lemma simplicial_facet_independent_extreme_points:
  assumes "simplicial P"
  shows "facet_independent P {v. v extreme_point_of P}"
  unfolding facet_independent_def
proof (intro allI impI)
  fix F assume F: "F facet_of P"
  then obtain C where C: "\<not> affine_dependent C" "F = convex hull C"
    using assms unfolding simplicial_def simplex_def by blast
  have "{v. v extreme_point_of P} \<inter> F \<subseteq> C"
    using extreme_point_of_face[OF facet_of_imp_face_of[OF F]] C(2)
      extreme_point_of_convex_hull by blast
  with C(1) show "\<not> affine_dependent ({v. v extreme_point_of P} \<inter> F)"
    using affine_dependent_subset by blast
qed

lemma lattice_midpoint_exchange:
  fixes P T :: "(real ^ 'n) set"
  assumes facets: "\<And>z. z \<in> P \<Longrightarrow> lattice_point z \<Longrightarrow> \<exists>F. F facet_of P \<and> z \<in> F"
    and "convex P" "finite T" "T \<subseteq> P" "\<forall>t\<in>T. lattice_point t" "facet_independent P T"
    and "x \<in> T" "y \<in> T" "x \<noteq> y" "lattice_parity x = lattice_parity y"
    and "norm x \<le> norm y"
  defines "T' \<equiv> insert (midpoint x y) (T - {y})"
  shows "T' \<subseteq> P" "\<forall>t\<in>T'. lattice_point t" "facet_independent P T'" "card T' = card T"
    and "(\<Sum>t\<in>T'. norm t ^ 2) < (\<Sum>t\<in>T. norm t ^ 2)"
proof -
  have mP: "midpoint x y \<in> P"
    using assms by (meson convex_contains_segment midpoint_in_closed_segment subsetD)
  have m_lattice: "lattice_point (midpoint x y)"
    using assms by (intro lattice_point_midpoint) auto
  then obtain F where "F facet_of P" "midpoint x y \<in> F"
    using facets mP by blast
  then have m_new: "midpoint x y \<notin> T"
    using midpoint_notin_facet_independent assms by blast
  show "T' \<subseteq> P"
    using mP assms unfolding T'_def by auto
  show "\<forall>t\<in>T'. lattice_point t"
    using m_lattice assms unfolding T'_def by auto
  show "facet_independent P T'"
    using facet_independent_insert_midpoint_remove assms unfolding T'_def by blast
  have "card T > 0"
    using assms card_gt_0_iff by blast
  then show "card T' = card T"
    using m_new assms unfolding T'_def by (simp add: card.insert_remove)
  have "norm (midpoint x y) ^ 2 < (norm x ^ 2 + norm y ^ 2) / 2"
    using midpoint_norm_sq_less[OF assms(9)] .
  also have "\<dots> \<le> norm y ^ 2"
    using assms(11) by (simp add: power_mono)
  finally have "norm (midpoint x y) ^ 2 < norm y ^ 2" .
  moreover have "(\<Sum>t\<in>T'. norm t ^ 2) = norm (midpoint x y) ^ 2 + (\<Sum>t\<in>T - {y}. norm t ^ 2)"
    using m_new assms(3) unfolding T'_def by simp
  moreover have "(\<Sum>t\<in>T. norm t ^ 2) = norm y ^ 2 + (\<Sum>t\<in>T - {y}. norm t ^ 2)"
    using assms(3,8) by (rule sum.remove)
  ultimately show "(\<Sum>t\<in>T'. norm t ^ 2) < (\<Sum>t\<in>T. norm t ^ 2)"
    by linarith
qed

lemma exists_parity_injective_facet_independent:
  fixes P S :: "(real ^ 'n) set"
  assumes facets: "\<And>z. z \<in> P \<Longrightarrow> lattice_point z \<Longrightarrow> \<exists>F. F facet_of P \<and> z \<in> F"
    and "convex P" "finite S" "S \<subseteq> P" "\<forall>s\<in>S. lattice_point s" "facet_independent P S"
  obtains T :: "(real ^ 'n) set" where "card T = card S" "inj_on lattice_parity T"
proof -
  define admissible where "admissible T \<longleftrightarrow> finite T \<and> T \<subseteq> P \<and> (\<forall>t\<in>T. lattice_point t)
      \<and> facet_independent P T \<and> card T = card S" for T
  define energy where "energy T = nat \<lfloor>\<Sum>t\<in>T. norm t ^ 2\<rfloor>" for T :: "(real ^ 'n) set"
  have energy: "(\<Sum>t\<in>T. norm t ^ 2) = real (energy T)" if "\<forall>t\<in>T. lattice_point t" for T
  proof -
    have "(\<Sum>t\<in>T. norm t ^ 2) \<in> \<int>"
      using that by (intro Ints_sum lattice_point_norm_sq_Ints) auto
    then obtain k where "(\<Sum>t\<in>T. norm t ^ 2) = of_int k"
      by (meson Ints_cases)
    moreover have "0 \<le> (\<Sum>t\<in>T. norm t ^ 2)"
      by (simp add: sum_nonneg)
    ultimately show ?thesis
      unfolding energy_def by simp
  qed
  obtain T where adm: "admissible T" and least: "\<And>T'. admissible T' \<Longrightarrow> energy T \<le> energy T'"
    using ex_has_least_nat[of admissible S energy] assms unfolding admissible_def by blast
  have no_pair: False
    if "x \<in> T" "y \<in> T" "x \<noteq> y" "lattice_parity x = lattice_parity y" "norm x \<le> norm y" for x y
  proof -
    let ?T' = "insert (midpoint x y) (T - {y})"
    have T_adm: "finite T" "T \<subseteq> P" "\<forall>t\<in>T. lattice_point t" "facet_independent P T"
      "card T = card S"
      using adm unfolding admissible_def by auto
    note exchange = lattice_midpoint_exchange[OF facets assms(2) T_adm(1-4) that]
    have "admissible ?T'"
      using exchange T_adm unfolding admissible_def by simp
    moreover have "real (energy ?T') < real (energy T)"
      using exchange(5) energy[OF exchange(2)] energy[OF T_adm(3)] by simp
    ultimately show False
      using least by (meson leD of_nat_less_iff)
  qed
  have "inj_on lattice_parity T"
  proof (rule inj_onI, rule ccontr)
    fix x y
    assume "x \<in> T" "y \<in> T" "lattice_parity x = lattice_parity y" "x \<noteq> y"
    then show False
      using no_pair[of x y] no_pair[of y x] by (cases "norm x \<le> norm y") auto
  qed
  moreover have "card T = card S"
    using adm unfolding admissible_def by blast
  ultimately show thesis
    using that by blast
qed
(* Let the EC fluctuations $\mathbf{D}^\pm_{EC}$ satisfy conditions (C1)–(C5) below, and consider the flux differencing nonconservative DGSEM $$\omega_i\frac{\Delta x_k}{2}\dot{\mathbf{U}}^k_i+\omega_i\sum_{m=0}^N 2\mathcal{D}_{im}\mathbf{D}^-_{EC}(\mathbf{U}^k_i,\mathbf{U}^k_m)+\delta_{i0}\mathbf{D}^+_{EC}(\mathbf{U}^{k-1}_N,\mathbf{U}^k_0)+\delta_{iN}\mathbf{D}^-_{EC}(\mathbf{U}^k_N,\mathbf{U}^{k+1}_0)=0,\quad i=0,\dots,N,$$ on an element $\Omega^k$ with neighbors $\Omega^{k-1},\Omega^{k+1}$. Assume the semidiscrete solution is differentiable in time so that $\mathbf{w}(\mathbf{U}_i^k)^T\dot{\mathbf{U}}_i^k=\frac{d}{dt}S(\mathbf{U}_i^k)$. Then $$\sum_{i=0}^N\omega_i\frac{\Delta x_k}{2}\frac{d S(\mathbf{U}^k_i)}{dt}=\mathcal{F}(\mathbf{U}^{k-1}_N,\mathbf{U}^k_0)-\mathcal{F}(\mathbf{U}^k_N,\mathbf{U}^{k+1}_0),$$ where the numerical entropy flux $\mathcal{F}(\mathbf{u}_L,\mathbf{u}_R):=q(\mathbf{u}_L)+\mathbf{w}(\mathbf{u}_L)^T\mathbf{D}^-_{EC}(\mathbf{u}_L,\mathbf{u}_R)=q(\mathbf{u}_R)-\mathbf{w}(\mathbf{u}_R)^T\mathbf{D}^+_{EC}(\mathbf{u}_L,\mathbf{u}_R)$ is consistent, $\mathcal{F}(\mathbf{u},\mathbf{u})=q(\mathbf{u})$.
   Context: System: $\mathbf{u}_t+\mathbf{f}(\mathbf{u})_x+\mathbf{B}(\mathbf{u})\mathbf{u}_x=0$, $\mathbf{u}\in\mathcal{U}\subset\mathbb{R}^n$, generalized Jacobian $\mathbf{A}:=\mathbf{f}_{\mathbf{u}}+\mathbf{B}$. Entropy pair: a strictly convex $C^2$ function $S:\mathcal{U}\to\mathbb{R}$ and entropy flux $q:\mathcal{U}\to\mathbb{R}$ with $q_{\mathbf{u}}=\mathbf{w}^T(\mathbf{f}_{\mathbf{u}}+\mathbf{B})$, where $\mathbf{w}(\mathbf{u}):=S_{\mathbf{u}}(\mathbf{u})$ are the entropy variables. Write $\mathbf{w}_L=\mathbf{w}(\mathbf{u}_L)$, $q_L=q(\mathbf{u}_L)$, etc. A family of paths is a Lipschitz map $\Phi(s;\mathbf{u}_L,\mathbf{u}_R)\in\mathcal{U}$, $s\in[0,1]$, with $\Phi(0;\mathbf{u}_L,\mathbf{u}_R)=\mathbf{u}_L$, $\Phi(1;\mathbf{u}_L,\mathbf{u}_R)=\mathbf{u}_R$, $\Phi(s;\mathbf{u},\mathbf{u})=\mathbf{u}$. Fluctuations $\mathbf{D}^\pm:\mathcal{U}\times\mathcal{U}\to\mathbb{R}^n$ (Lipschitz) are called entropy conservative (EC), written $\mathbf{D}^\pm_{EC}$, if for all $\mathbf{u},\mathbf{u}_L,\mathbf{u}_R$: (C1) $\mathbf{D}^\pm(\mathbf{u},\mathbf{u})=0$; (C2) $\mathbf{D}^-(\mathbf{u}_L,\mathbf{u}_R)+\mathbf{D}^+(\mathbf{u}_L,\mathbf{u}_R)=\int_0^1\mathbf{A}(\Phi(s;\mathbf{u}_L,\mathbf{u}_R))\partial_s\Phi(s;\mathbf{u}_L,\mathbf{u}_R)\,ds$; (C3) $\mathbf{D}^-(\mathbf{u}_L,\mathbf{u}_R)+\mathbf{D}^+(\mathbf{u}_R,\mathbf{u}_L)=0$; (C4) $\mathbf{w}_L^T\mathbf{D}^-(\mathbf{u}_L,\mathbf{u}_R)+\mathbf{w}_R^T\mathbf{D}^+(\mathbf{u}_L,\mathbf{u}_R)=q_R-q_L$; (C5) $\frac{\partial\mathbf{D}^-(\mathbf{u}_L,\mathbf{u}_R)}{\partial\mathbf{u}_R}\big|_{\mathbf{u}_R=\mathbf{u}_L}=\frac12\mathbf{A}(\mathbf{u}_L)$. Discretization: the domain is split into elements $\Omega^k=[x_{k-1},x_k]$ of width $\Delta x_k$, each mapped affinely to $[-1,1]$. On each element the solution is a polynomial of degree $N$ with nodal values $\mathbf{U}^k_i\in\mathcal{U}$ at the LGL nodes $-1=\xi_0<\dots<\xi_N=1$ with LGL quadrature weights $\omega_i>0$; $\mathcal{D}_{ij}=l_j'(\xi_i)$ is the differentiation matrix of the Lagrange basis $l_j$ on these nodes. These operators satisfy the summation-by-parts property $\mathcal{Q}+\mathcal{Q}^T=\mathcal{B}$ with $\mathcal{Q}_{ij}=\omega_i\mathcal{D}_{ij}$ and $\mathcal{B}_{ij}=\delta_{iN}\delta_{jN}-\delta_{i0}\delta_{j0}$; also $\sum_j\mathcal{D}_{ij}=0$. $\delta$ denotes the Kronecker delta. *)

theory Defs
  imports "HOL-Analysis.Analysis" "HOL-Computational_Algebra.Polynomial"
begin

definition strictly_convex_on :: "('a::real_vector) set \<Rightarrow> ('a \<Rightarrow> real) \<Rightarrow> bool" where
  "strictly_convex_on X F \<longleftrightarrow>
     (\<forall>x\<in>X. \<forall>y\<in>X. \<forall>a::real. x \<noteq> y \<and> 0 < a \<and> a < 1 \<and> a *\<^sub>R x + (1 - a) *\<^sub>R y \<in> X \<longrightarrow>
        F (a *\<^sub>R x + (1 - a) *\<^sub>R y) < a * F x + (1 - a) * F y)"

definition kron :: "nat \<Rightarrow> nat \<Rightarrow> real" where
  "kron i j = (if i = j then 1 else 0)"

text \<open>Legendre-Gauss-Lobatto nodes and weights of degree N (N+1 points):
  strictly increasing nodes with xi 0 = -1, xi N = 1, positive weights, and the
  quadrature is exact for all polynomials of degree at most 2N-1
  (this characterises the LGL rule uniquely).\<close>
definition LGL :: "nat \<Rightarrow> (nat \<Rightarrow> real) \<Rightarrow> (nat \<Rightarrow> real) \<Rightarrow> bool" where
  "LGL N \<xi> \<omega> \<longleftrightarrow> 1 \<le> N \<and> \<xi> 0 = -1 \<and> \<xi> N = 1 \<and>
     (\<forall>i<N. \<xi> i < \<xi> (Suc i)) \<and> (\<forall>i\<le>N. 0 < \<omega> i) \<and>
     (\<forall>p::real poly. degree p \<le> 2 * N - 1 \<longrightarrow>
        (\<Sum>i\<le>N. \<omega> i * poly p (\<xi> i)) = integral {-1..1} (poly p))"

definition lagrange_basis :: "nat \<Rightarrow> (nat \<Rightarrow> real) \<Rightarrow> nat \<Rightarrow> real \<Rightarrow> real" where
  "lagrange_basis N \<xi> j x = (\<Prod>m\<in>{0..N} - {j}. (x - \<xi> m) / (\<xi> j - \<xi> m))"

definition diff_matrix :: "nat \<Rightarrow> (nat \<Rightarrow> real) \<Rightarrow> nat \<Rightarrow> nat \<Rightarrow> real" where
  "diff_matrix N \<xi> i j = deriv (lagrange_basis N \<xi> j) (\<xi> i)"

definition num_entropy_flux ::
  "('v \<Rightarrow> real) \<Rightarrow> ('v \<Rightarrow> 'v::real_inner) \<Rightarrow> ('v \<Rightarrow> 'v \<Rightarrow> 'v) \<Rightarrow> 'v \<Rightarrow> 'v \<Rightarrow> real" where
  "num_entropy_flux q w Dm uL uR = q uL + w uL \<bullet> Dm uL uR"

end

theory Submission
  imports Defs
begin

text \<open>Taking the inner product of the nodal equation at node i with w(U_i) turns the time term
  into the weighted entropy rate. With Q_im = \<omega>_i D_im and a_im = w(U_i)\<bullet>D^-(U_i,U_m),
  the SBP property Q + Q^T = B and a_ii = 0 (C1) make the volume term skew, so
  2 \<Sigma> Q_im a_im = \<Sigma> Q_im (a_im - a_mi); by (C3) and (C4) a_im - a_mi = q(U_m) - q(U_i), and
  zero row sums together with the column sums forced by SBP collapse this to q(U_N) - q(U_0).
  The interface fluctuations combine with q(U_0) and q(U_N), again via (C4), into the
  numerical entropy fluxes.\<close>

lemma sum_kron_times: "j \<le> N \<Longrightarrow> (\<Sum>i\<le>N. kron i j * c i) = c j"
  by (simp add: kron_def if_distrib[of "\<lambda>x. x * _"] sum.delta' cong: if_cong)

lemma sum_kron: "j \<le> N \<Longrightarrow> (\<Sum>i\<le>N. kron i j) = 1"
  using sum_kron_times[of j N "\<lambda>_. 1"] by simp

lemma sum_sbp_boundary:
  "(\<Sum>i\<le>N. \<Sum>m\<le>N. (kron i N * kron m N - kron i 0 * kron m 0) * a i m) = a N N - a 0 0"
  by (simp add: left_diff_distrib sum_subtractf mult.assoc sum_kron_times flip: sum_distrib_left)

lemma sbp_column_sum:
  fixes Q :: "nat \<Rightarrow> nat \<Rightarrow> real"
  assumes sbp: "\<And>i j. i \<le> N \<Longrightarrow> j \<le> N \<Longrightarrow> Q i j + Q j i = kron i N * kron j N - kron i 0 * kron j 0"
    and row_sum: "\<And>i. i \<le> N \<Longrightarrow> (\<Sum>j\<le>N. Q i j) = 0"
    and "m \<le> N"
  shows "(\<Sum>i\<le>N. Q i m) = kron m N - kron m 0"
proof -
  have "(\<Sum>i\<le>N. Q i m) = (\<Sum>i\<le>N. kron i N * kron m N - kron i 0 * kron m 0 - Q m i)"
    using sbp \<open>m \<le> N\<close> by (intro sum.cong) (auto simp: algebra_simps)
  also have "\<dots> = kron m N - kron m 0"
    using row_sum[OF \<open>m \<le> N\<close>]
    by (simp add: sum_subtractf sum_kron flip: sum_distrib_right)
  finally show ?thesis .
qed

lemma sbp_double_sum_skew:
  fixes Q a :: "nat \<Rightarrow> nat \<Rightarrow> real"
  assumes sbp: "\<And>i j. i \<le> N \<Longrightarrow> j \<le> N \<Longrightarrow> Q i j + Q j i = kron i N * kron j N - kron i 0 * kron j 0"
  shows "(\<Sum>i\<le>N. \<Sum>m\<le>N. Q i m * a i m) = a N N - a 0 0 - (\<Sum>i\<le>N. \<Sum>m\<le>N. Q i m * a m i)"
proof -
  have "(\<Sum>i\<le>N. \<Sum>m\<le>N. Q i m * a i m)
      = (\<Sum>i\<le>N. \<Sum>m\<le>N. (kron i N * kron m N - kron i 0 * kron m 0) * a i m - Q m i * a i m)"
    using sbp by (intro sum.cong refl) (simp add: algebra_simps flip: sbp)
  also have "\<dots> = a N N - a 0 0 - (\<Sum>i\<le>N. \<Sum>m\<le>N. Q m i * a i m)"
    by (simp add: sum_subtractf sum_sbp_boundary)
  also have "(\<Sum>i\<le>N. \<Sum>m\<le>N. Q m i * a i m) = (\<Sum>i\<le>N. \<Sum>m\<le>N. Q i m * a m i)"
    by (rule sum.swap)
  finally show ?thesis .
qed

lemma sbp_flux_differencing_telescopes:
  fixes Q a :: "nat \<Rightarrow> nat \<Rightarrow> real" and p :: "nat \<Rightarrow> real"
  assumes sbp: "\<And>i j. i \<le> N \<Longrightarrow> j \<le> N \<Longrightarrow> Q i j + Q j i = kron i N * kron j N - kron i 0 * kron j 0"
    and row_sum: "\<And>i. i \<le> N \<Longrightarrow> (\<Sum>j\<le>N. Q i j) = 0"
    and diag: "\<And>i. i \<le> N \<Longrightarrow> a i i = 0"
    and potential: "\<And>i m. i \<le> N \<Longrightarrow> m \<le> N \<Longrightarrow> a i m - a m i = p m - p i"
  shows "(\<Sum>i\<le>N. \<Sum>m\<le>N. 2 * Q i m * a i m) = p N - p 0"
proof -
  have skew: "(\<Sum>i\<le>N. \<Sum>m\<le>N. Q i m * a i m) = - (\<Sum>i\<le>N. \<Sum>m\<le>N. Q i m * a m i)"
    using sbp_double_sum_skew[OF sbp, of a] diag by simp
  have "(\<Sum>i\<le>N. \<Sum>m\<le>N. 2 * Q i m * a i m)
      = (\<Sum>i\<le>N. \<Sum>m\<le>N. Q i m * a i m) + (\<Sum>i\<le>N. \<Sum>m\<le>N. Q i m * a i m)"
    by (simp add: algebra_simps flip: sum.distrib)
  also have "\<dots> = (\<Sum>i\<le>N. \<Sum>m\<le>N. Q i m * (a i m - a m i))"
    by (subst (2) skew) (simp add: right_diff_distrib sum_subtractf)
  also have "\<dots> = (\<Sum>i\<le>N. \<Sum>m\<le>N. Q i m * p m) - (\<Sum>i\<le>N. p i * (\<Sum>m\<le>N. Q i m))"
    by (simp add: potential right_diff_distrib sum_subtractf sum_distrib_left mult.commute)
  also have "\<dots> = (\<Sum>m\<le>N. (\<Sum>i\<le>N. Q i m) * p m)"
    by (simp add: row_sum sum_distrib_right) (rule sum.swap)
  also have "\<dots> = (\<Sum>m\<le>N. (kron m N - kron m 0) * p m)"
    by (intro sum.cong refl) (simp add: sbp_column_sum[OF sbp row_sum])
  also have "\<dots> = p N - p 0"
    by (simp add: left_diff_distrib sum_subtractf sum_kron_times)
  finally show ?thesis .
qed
____________
# What the task requires:
Copy verbatim the span of lines that begins with the line holding "by (intro sum.cong refl) (simp add: sbp_column_sum[OF" and ends at the last line of the records.

# Problem solution:
    by (intro sum.cong refl) (simp add: sbp_column_sum[OF sbp row_sum])
  also have "\<dots> = p N - p 0"
    by (simp add: left_diff_distrib sum_subtractf sum_kron_times)
  finally show ?thesis .
qed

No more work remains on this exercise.